APPROACH 4: COMBINE WITH THE DATABRICKS CLI
You can also use the Databricks CLI to export notebooks in bulk for parsing:
databricks workspace export-dir /Users/ ./exported_notebooks --overwrite
Then use standard text search tools (grep, ripgrep, etc.) to find read paths:
grep -rn "cloudFiles" ./exported_notebooks/
grep -rn "\.load(" ./exported_notebooks/
grep -rn "spark\.read" ./exported_notebooks/
SUMMARY
For runtime lineage (what paths were actually read): use system.access.table_lineage, which captures cloud storage paths including Auto Loader sources.
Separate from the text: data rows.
definition "0 = Quat 0 0 0 0"
definition "1 = Quat 1 0 0 0"
definition "x + y = Quat (Re x + Re y) (Im1 x + Im1 y) (Im2 x + Im2 y) (Im3 x + Im3 y)"
definition "x - y = Quat (Re x - Re y) (Im1 x - Im1 y) (Im2 x - Im2 y) (Im3 x - Im3 y)"
definition "- x = Quat (- Re x) (- Im1 x) (- Im2 x) (- Im3 x)"
definition "x * y = Quat
   (Re x * Re y - Im1 x * Im1 y - Im2 x * Im2 y - Im3 x * Im3 y)
   (Re x * Im1 y + Im1 x * Re y + Im2 x * Im3 y - Im3 x * Im2 y)
   (Re x * Im2 y - Im1 x * Im3 y + Im2 x * Re y + Im3 x * Im1 y)
   (Re x * Im3 y + Im1 x * Im2 y - Im2 x * Im1 y + Im3 x * Re y)"

instance
  by standard
    (auto simp: quat_eq_iff zero_quat_def one_quat_def plus_quat_def minus_quat_def
       uminus_quat_def times_quat_def algebra_simps)

end

section \<open>Quaternion matrices (n x n, 0-based indices, entries outside the range irrelevant)\<close>

type_synonym qmat = "nat \<Rightarrow> nat \<Rightarrow> quat"

definition qmat_mult :: "nat \<Rightarrow> qmat \<Rightarrow> qmat \<Rightarrow> qmat" where
  "qmat_mult n A B = (\<lambda>i k. \<Sum>l<n. A i l * B l k)"

definition qmat_id :: qmat where
  "qmat_id = (\<lambda>i k. if i = k then 1 else 0)"

definition qmat_eq :: "nat \<Rightarrow> qmat \<Rightarrow> qmat \<Rightarrow> bool" where
  "qmat_eq n A B \<longleftrightarrow> (\<forall>i<n. \<forall>k<n. A i k = B i k)"

definition qmat_inverse_of :: "nat \<Rightarrow> qmat \<Rightarrow> qmat \<Rightarrow> bool" where
  "qmat_inverse_of n A B \<longleftrightarrow>
     qmat_eq n (qmat_mult n A B) qmat_id \<and> qmat_eq n (qmat_mult n B A) qmat_id"

definition qmat_invertible :: "nat \<Rightarrow> qmat \<Rightarrow> bool" where
  "qmat_invertible n A \<longleftrightarrow> (\<exists>B. qmat_inverse_of n A B)"

definition qmat_inv :: "nat \<Rightarrow> qmat \<Rightarrow> qmat" where
  "qmat_inv n A = (SOME B. qmat_inverse_of n A B)"

definition qmat_diagonal :: "nat \<Rightarrow> qmat \<Rightarrow> bool" where
  "qmat_diagonal n M \<longleftrightarrow> (\<forall>i<n. \<forall>k<n. i \<noteq> k \<longrightarrow> M i k = 0)"

type_synonym qtensor = "nat \<Rightarrow> nat \<Rightarrow> nat \<Rightarrow> quat"

definition simple_qtensor :: "nat \<Rightarrow> nat \<Rightarrow> nat \<Rightarrow> qtensor \<Rightarrow> bool" where
  "simple_qtensor n1 n2 n3 S \<longleftrightarrow>
     (\<exists>i<n1. \<exists>j<n2. \<exists>k<n3. S i j k \<noteq> 0) \<and>
     (\<exists>a b c :: nat \<Rightarrow> quat. \<forall>i<n1. \<forall>j<n2. \<forall>k<n3. S i j k = a i * b j * c k)"

definition qtensor_rank :: "nat \<Rightarrow> nat \<Rightarrow> nat \<Rightarrow> qtensor \<Rightarrow> nat" where
  "qtensor_rank n1 n2 n3 T = (LEAST r. \<exists>S :: nat \<Rightarrow> qtensor.
      (\<forall>l<r. simple_qtensor n1 n2 n3 (S l)) \<and>
      (\<forall>i<n1. \<forall>j<n2. \<forall>k<n3. T i j k = (\<Sum>l<r. S l i j k)))"

text \<open>Frontal slice j (0-based) of T: the matrix (T i j k)_{i,k}.\<close>
definition frontal_slice :: "qtensor \<Rightarrow> nat \<Rightarrow> qmat" where
  "frontal_slice T j = (\<lambda>i k. T i j k)"

end

theory Submission
  imports Defs "Jordan_Normal_Form.Determinant"
begin

text \<open>A decomposition of T into r terms (a_l, b_l, c_l) amounts to a simultaneous factorization
  A_j = X D_j Y of all frontal slices, with the columns of X and the rows of Y given by the a_l
  and c_l and with diagonal D_j = diag (b_{lj}). As A_1 = X D_1 Y is invertible, r \<ge> n, and for
  r = n the matrix X is invertible with X\<inverse> = D_1 Y A_1\<inverse>; hence
  X\<inverse> A_j A_1\<inverse> X = D_j (Y A_1\<inverse> X), where D_1 (Y A_1\<inverse> X) = 1 forces
  Y A_1\<inverse> X to be diagonal. Conversely, if P\<inverse> A_j A_1\<inverse> P = D_j are diagonal, then
  A_j = P D_j (P\<inverse> A_1) with D_1 = 1 is such a factorization with n terms.

  Quaternions do not commute, so the fact that one-sided inverses of square matrices are
  two-sided is transferred from real matrices through the faithful representation of a
  quaternion by the 4 \<times> 4 real matrix of left multiplication.\<close>

definition quat_normsq :: "quat \<Rightarrow> real" where
  "quat_normsq q = (Re q)\<^sup>2 + (Im1 q)\<^sup>2 + (Im2 q)\<^sup>2 + (Im3 q)\<^sup>2"

lemma quat_normsq_mult: "quat_normsq (p * q) = quat_normsq p * quat_normsq q"
  unfolding quat_normsq_def times_quat_def by (simp add: power2_eq_square algebra_simps)

lemma quat_normsq_eq_0_iff: "quat_normsq q = 0 \<longleftrightarrow> q = 0"
  unfolding quat_normsq_def zero_quat_def quat_eq_iff by (simp add: add_nonneg_eq_0_iff)

instance quat :: ring_1_no_zero_divisors
  by standard (metis quat_normsq_eq_0_iff quat_normsq_mult mult_eq_0_iff)


section \<open>The real representation of quaternion matrices\<close>

definition quat_coord :: "quat \<Rightarrow> nat \<Rightarrow> real" where
  "quat_coord q a = (if a = 0 then Re q else if a = 1 then Im1 q else if a = 2 then Im2 q else Im3 q)"

definition quat_unit :: "nat \<Rightarrow> quat" where
  "quat_unit b = (if b = 0 then 1 else if b = 1 then Quat 0 1 0 0 else if b = 2 then Quat 0 0 1 0
     else Quat 0 0 0 1)"

definition lmult_matrix :: "quat \<Rightarrow> nat \<Rightarrow> nat \<Rightarrow> real" where
  "lmult_matrix q a b = quat_coord (q * quat_unit b) a"

lemma less_4_cases: "(a::nat) < 4 \<longleftrightarrow> a = 0 \<or> a = 1 \<or> a = 2 \<or> a = 3"
  by auto

lemma sum_lessThan_4:
  fixes f :: "nat \<Rightarrow> 'a::comm_monoid_add"
  shows "(\<Sum>c<4. f c) = f 0 + f 1 + f 2 + f 3"
  by (simp add: numeral_eq_Suc add.assoc add.commute add.left_commute)

lemma lmult_matrix_mult:
  "a < 4 \<Longrightarrow> b < 4 \<Longrightarrow> lmult_matrix (p * q) a b = (\<Sum>c<4. lmult_matrix p a c * lmult_matrix q c b)"
  unfolding sum_lessThan_4 less_4_cases
  by (auto simp: lmult_matrix_def quat_coord_def quat_unit_def one_quat_def times_quat_def
      algebra_simps)

lemma lmult_matrix_zero: "lmult_matrix 0 a b = 0"
  by (simp add: lmult_matrix_def) (simp add: quat_coord_def zero_quat_def)

lemma lmult_matrix_sum: "lmult_matrix (sum f S) a b = (\<Sum>x\<in>S. lmult_matrix (f x) a b)"
proof (induction S rule: infinite_finite_induct)
  case (insert x S)
  moreover have "lmult_matrix (p + q) a b = lmult_matrix p a b + lmult_matrix q a b" for p q
    by (auto simp: lmult_matrix_def quat_coord_def quat_unit_def one_quat_def times_quat_def
        plus_quat_def algebra_simps)
  ultimately show ?case by simp
qed (auto simp: lmult_matrix_zero)

lemma lmult_matrix_one: "a < 4 \<Longrightarrow> b < 4 \<Longrightarrow> lmult_matrix 1 a b = (if a = b then 1 else 0)"
  unfolding less_4_cases
  by (auto simp: lmult_matrix_def quat_coord_def quat_unit_def one_quat_def times_quat_def)

lemma lmult_matrix_first_col_inj:
  assumes "\<And>a. a < 4 \<Longrightarrow> lmult_matrix p a 0 = lmult_matrix q a 0"
  shows "p = q"
  using assms[of 0] assms[of 1] assms[of 2] assms[of 3]
  by (simp add: lmult_matrix_def quat_unit_def quat_coord_def quat_eq_iff)

definition real_mat_of :: "quat mat \<Rightarrow> real mat" where
  "real_mat_of A = mat (4 * dim_row A) (4 * dim_col A)
     (\<lambda>(u, v). lmult_matrix (A $$ (u div 4, v div 4)) (u mod 4) (v mod 4))"

lemma real_mat_of_carrier: "A \<in> carrier_mat n m \<Longrightarrow> real_mat_of A \<in> carrier_mat (4 * n) (4 * m)"
  by (simp add: real_mat_of_def)

lemma sum_lessThan_mult_4:
  fixes g :: "nat \<Rightarrow> 'a::comm_monoid_add"
  shows "(\<Sum>w<4 * m. g w) = (\<Sum>l<m. \<Sum>c<4. g (4 * l + c))"
proof -
  have "(\<Sum>w<m * 4. g w) = (\<Sum>l<m. sum g {l * 4..<l * 4 + 4})"
    by (rule sum.nat_group[symmetric])
  also have "\<dots> = (\<Sum>l<m. \<Sum>c<4. g (4 * l + c))"
    using sum.shift_bounds_nat_ivl[of g 0 "_ * 4" 4]
    by (simp add: atLeast0LessThan mult.commute add.commute)
  finally show ?thesis by (simp add: mult.commute)
qed

lemma real_mat_of_mult:
  assumes "A \<in> carrier_mat n m" "B \<in> carrier_mat m k"
  shows "real_mat_of (A * B) = real_mat_of A * real_mat_of B"
proof (rule eq_matI)
  fix u v assume "u < dim_row (real_mat_of A * real_mat_of B)" "v < dim_col (real_mat_of A * real_mat_of B)"
  hence u: "u < 4 * n" and v: "v < 4 * k" using assms by (auto simp: real_mat_of_def)
  have "real_mat_of (A * B) $$ (u, v) =
      (\<Sum>l<m. lmult_matrix (A $$ (u div 4, l) * B $$ (l, v div 4)) (u mod 4) (v mod 4))"
    using assms u v by (simp add: real_mat_of_def scalar_prod_def lmult_matrix_sum atLeast0LessThan)
  also have "\<dots> = (\<Sum>l<m. \<Sum>c<4. lmult_matrix (A $$ (u div 4, l)) (u mod 4) c *
      lmult_matrix (B $$ (l, v div 4)) c (v mod 4))"
    by (simp add: lmult_matrix_mult)
  also have "\<dots> = (\<Sum>w<4 * m. real_mat_of A $$ (u, w) * real_mat_of B $$ (w, v))"
    unfolding sum_lessThan_mult_4 using assms u v by (intro sum.cong refl) (auto simp: real_mat_of_def)
  also have "\<dots> = (real_mat_of A * real_mat_of B) $$ (u, v)"
    using assms u v by (simp add: real_mat_of_def scalar_prod_def atLeast0LessThan)
  finally show "real_mat_of (A * B) $$ (u, v) = (real_mat_of A * real_mat_of B) $$ (u, v)" .
qed (use assms in \<open>auto simp: real_mat_of_def\<close>)

lemma real_mat_of_one: "real_mat_of (1\<^sub>m n) = 1\<^sub>m (4 * n)"
proof (rule eq_matI)
  fix u v assume "u < dim_row (1\<^sub>m (4 * n) :: real mat)" "v < dim_col (1\<^sub>m (4 * n) :: real mat)"
  hence u: "u < 4 * n" and v: "v < 4 * n" by auto
  have "real_mat_of (1\<^sub>m n) $$ (u, v) = lmult_matrix (1\<^sub>m n $$ (u div 4, v div 4)) (u mod 4) (v mod 4)"
    using u v by (simp add: real_mat_of_def)
  also have "\<dots> = 1\<^sub>m (4 * n) $$ (u, v)"
    using u v div_mult_mod_eq[of u 4] div_mult_mod_eq[of v 4]
    by (cases "u div 4 = v div 4") (auto simp: lmult_matrix_one lmult_matrix_zero)
  finally show "real_mat_of (1\<^sub>m n) $$ (u, v) = 1\<^sub>m (4 * n) $$ (u, v)" .
qed (auto simp: real_mat_of_def)

lemma real_mat_of_inj:
  assumes "A \<in> carrier_mat n m" "B \<in> carrier_mat n m" "real_mat_of A = real_mat_of B"
  shows "A = B"
proof (rule eq_matI)
  fix i j assume ij: "i < dim_row B" "j < dim_col B"
  show "A $$ (i, j) = B $$ (i, j)"
  proof (rule lmult_matrix_first_col_inj)
    fix a :: nat assume a: "a < 4"
    have "real_mat_of A $$ (4 * i + a, 4 * j) = real_mat_of B $$ (4 * i + a, 4 * j)"
      using assms by simp
    moreover have "4 * i + a < 4 * n" "4 * j < 4 * m" "(4 * i + a) div 4 = i" "(4 * i + a) mod 4 = a"
      using assms ij a by auto
    ultimately show "lmult_matrix (A $$ (i, j)) a 0 = lmult_matrix (B $$ (i, j)) a 0"
      using assms unfolding real_mat_of_def by (simp only: index_mat carrier_matD) simp
  qed
qed (use assms in auto)

lemma quat_mat_mult_left_right_inverse:
  assumes "(A :: quat mat) \<in> carrier_mat n n" "B \<in> carrier_mat n n" "A * B = 1\<^sub>m n"
  shows "B * A = 1\<^sub>m n"
proof -
  have "real_mat_of A * real_mat_of B = real_mat_of (A * B)"
    using real_mat_of_mult[OF assms(1,2)] by simp
  also have "\<dots> = 1\<^sub>m (4 * n)"
    by (simp add: assms(3) real_mat_of_one)
  finally have "real_mat_of B * real_mat_of A = 1\<^sub>m (4 * n)"
    by (rule mat_mult_left_right_inverse[OF real_mat_of_carrier[OF assms(1)]
          real_mat_of_carrier[OF assms(2)]])
  hence "real_mat_of (B * A) = real_mat_of (1\<^sub>m n)"
    using real_mat_of_mult[OF assms(2,1)] real_mat_of_one by simp
  thus ?thesis using assms by (intro real_mat_of_inj[of _ n n]) auto
qed

lemma quat_mat_inverse_unique:
  assumes "(A :: quat mat) \<in> carrier_mat n n" "B \<in> carrier_mat n n" "C \<in> carrier_mat n n"
    and "A * B = 1\<^sub>m n" "A * C = 1\<^sub>m n"
  shows "B = C"
proof -
  have "B = (C * A) * B"
    using quat_mat_mult_left_right_inverse[OF assms(1,3,5)] assms(2) by simp
  also have "\<dots> = C"
    using assms by (simp add: assoc_mult_mat[of C n n A n B n])
  finally show ?thesis .
qed


text \<open>Square instances of library facts: the simplifier cannot guess intermediate dimensions.\<close>
lemma mult_carrier_mat_square [simp]:
  "A \<in> carrier_mat n n \<Longrightarrow> B \<in> carrier_mat n n \<Longrightarrow> A * B \<in> carrier_mat n n"
  by (rule mult_carrier_mat)

lemma assoc_mult_mat_square [simp]:
  "A \<in> carrier_mat n n \<Longrightarrow> B \<in> carrier_mat n n \<Longrightarrow> C \<in> carrier_mat n n \<Longrightarrow>
    A * B * C = A * (B * C)"
  by (rule assoc_mult_mat)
For static code analysis (what paths are in the code): use the Databricks SDK to export notebook source and parse with regex or AST tools.
For pipeline-specific paths: query the Pipelines API for configuration values.
The lineage system tables approach is typically the most reliable because it captures what actually executed, rather than what the code text contains (which may use variables, widgets, or dynamic path construction).
* This reply used an agent system I built to research and draft this response based on the wide set of documentation I have available and previous memory. I personally review the draft for any obvious issues and for monitoring system reliability and update it when I detect any drift, but there is still a small chance that something is inaccurate, especially if you are experimenting with brand new features.